Greg Sargent has more on Starbucks CEO Howard Schultz's "misguided ... crusade to get American business leaders to withhold political donations from all incumbents in Congress, to pressure them to produce a deficit reduction plan that deals with entitlements and revenues." Sargent writes, "As it turns out, Schultz is a big donor to the Democratic Party.... Democrats are far more in agreement with Schultz [on deficit control].... Punishing both parties equally for their current positions isn’t likely to produce the outcome Schultz wants." CW: or, I would wager, punishing Democrats much more than Republicans, etc.

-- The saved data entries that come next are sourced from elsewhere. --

lemma Rop_scale [simp]: "Rop q as u v (\<lambda>w. k * F w) = (\<lambda>w. k * Rop q as u v F w)"
  by (simp add: Rop_def algebra_simps)

lemma Lop_scale [simp]: "Lop q as u v (\<lambda>w. k * F w) = (\<lambda>w. k * Lop q as u v F w)"
  by (simp add: Lop_def algebra_simps)

lemma Rop_zero [simp]: "Rop q as u v (\<lambda>w. 0) = (\<lambda>w. 0)"
  by (simp add: Rop_def)

lemma Lop_zero [simp]: "Lop q as u v (\<lambda>w. 0) = (\<lambda>w. 0)"
  by (simp add: Lop_def)

lemma Rop_Nil: "Rop q [] u v F = (\<lambda>w. 0)"
  by (simp add: Rop_def lin_Nil)

lemma Lop_Nil: "Lop q [] u v F = (\<lambda>w. 0)"
  by (simp add: Lop_def lin_Nil)

text \<open>extremal as True is x0 and extremal as False is yd, for the factors listed in as.\<close>
abbreviation extremal :: "'a list \<Rightarrow> bool \<Rightarrow> bool list \<Rightarrow> 'b::field" where
  "extremal as b \<equiv> delta (replicate (length as) b)"

lemma delta_replicate_Cons:
  "delta (True # replicate n True) = split_vec (delta (replicate n True)) (\<lambda>w. 0)"
  "delta (False # replicate n False) = split_vec (\<lambda>w. 0) (delta (replicate n False))"
  by (rule split_vec_eqI; auto simp: delta_def)+

lemma K1_extremal:
  "lin q as K1 (extremal as b) = (\<lambda>w. (if b then q else inverse q) ^ length as * extremal as b w)"
proof (induction as)
  case Nil then show ?case by (auto simp: lin_Nil delta_def)
next
  case (Cons a as) then show ?case
    by (cases b) (simp_all add: delta_replicate_Cons lin_K1_split split_vec_scale_at mult.assoc)
qed

lemma K0_extremal:
  "lin q as K0 (extremal as b) = (\<lambda>w. (if b then inverse q else q) ^ length as * extremal as b w)"
proof (induction as)
  case Nil then show ?case by (auto simp: lin_Nil delta_def)
next
  case (Cons a as) then show ?case
    by (cases b) (simp_all add: delta_replicate_Cons lin_K0_split split_vec_scale_at mult.assoc)
qed

lemma Lop_top: "q \<noteq> 0 \<Longrightarrow> Lop q as us vs (extremal as True) = (\<lambda>w. 0)"
  by (induction as) (simp_all add: Lop_Nil delta_replicate_Cons Lop_split)

lemma Rop_bottom: "q \<noteq> 0 \<Longrightarrow> Rop q as u v (extremal as False) = (\<lambda>w. 0)"
  by (induction as) (simp_all add: Rop_Nil delta_replicate_Cons Rop_split)

section \<open>LR on x0 and RL on yd\<close>

text \<open>Eigenvalues of LR on x0 and of RL on yd, accumulated factor by factor: the new
  first factor V(a) contributes the product of the coefficients produced by R and by L.\<close>
fun lr_value :: "'a::field \<Rightarrow> 'a \<Rightarrow> 'a \<Rightarrow> 'a \<Rightarrow> 'a \<Rightarrow> 'a list \<Rightarrow> 'a" where
  "lr_value q u v us vs [] = 0"
| "lr_value q u v us vs (a#as) = lr_value q u v us vs as
     + (u * inverse q * a * inverse q ^ length as + v * q * q ^ length as)
     * (us * q ^ length as + vs * q^2 * inverse a * inverse q ^ length as)"

fun rl_value :: "'a::field \<Rightarrow> 'a \<Rightarrow> 'a \<Rightarrow> 'a \<Rightarrow> 'a \<Rightarrow> 'a list \<Rightarrow> 'a" where
  "rl_value q u v us vs [] = 0"
| "rl_value q u v us vs (a#as) = rl_value q u v us vs as
     + (us * inverse q ^ length as + vs * q^2 * inverse a * q ^ length as)
     * (u * inverse q * a * q ^ length as + v * q * inverse q ^ length as)"

lemma LR_top:
  assumes "q \<noteq> 0"
  shows "Lop q as us vs (Rop q as u v (extremal as True))
    = (\<lambda>w. lr_value q u v us vs as * extremal as True w)"
proof (induction as)
  case Nil then show ?case by (simp add: Lop_Nil)
next
  case (Cons a as)
  let ?X = "extremal as True" and ?n = "length as"
  define k where "k = u * inverse q * a * inverse q ^ ?n + v * q * q ^ ?n"
  have R: "Rop q (a#as) u v (split_vec ?X (\<lambda>w. 0)) = split_vec (Rop q as u v ?X) (\<lambda>w. k * ?X w)"
    using assms by (simp add: Rop_split K0_extremal K1_extremal k_def fun_eq_iff algebra_simps)
  have L: "Lop q (a#as) us vs (split_vec (Rop q as u v ?X) (\<lambda>w. k * ?X w)) =
     split_vec (\<lambda>w. (lr_value q u v us vs as + k * (us * q ^ ?n + vs * q^2 * inverse a * inverse q ^ ?n))
                     * ?X w) (\<lambda>w. 0)"
    unfolding Lop_split[OF assms] Lop_scale lin_scale K0_extremal K1_extremal Lop_top[OF assms] Cons.IH
    by (simp add: fun_eq_iff algebra_simps)
  show ?case
    unfolding length_Cons replicate_Suc delta_replicate_Cons R L split_vec_scale by (simp add: k_def)
qed

lemma RL_bottom:
  assumes "q \<noteq> 0"
  shows "Rop q as u v (Lop q as us vs (extremal as False))
    = (\<lambda>w. rl_value q u v us vs as * extremal as False w)"
proof (induction as)
  case Nil then show ?case by (simp add: Rop_Nil)
next
  case (Cons a as)
  let ?Y = "extremal as False" and ?n = "length as"
  define k where "k = us * inverse q ^ ?n + vs * q^2 * inverse a * q ^ ?n"
  have L: "Lop q (a#as) us vs (split_vec (\<lambda>w. 0) ?Y) = split_vec (\<lambda>w. k * ?Y w) (Lop q as us vs ?Y)"
    using assms by (simp add: Lop_split K0_extremal K1_extremal k_def fun_eq_iff algebra_simps)
  have R: "Rop q (a#as) u v (split_vec (\<lambda>w. k * ?Y w) (Lop q as us vs ?Y)) =
     split_vec (\<lambda>w. 0)
       (\<lambda>w. (rl_value q u v us vs as + k * (u * inverse q * a * q ^ ?n + v * q * inverse q ^ ?n)) * ?Y w)"
    unfolding Rop_split[OF assms] Rop_scale lin_scale K0_extremal K1_extremal Rop_bottom[OF assms] Cons.IH
    by (simp add: fun_eq_iff algebra_simps)
  show ?case
    unfolding length_Cons replicate_Suc delta_replicate_Cons L R split_vec_scale by (simp add: k_def)
qed

section \<open>Closed forms of the eigenvalues\<close>

text \<open>The boundary term  (P - P^-1)(bb q P^-1 + cc q^-1 P);  its increment under P := qP is
  what one tensor factor contributes, so the eigenvalues telescope.\<close>
definition boundary :: "'a::field \<Rightarrow> 'a \<Rightarrow> 'a \<Rightarrow> 'a \<Rightarrow> 'a" where
  "boundary q bb cc P = (P - inverse P) * (bb * q * inverse P + cc * P * inverse q)"

lemma boundary_step:
  fixes q P bb cc :: "'a::field"
  assumes "q \<noteq> 0" "P \<noteq> 0"
  shows "boundary q bb cc (q * P) - boundary q bb cc P = (q - inverse q) * (bb * inverse P ^ 2 + cc * P ^ 2)"
  using assms by (simp add: boundary_def field_simps power2_eq_square)

text \<open>Closed form of both eigenvalues; for RL the roles of bb and cc are exchanged.\<close>
definition zeta_formula :: "'a::field \<Rightarrow> 'a \<Rightarrow> 'a \<Rightarrow> 'a \<Rightarrow> 'a \<Rightarrow> 'a \<Rightarrow> 'a \<Rightarrow> 'a list \<Rightarrow> 'a" where
  "zeta_formula q u v us vs bb cc as = u * us * inverse q * sum_list as + v * vs * q^3 * sum_list (map inverse as)
     - (q - inverse q) * boundary q bb cc (q ^ length as)"

lemma zeta_formula_Cons:
  "zeta_formula q u v us vs bb cc (a#as) = zeta_formula q u v us vs bb cc as
     + u * us * inverse q * a + v * vs * q^3 * inverse a
     - (q - inverse q) * (boundary q bb cc (q * q ^ length as) - boundary q bb cc (q ^ length as))"
  by (simp add: zeta_formula_def algebra_simps)

text \<open>The contribution of the first factor V(a) to LR on x0 (here P = q^n for the n further
  factors): the cross terms are exactly where u v* and v u* enter.\<close>
lemma lr_contribution:
  fixes q P a u v us vs bb cc :: "'a::field"
  assumes "q \<noteq> 0" "P \<noteq> 0" "a \<noteq> 0"
    and "u * vs = - bb * inverse q * (q - inverse q)\<^sup>2"
    and "v * us = - cc * inverse q * (q - inverse q)\<^sup>2"
  shows "(u * inverse q * a * inverse P + v * q * P) * (us * P + vs * q^2 * inverse a * inverse P)
     = u * us * inverse q * a + v * vs * q^3 * inverse a
       - (q - inverse q) * (boundary q bb cc (q * P) - boundary q bb cc P)"
proof -
  have "(u * inverse q * a * inverse P + v * q * P) * (us * P + vs * q^2 * inverse a * inverse P)
     = u * us * inverse q * a + v * vs * q^3 * inverse a + q * (u * vs) * inverse P ^ 2 + q * (v * us) * P ^ 2"
    using assms(1-3) by (simp add: field_simps power2_eq_square power3_eq_cube)
  also have "\<dots> = u * us * inverse q * a + v * vs * q^3 * inverse a
      - (q - inverse q)^2 * (bb * inverse P ^ 2 + cc * P ^ 2)"
    unfolding assms(4,5) using assms(1) by (simp add: field_simps)
  also have "\<dots> = u * us * inverse q * a + v * vs * q^3 * inverse a
      - (q - inverse q) * (boundary q bb cc (q * P) - boundary q bb cc P)"
    using assms(1,2) by (simp add: boundary_step power2_eq_square)
  finally show ?thesis .
qed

Jennifer Huget of the Washington Post: "Based on trends, half of the adults in the United States will be obese by 2030..., according to a report released Thursday on the international obesity crisis in the British medical journal the Lancet. Those changes include making healthful foods cheaper and less-healthful foods more expensive largely through tax strategies.... A team of international public health experts argued that the global obesity crisis will continue to grow worse and add substantial burdens to health-care systems and economies unless governments, international agencies and other major institutions take action to monitor, prevent and control the problem. Changes over the past century in the way food is made and marketed have contributed to the creation of an 'obesogenic' environment in which personal willpower and efforts to maintain a healthful weight are largely impossible, the report noted." CW: you can read the reports, published in the Lancet, beginning here, but you have to create a Lancet account.
Will Wilkinson of The Economist: "[Steve] Jobs's wealth, like that of other billionaire barons of the information age, was built in no small part upon an intellectual-property regime that I and many others believe to retard progress while concentrating massive rewards upon a privileged few, generating unfair and unproductive inequality." Wilkinson then goes on to "forgive" Jobs his success, and his refusal to share it a la Gates & Buffett because of the "the elegance of the Apple devices ... [which] offered the mass market dazzling technical progress with the sort of tastefully luxurious sheen usually reserved for the seriously well-to-do."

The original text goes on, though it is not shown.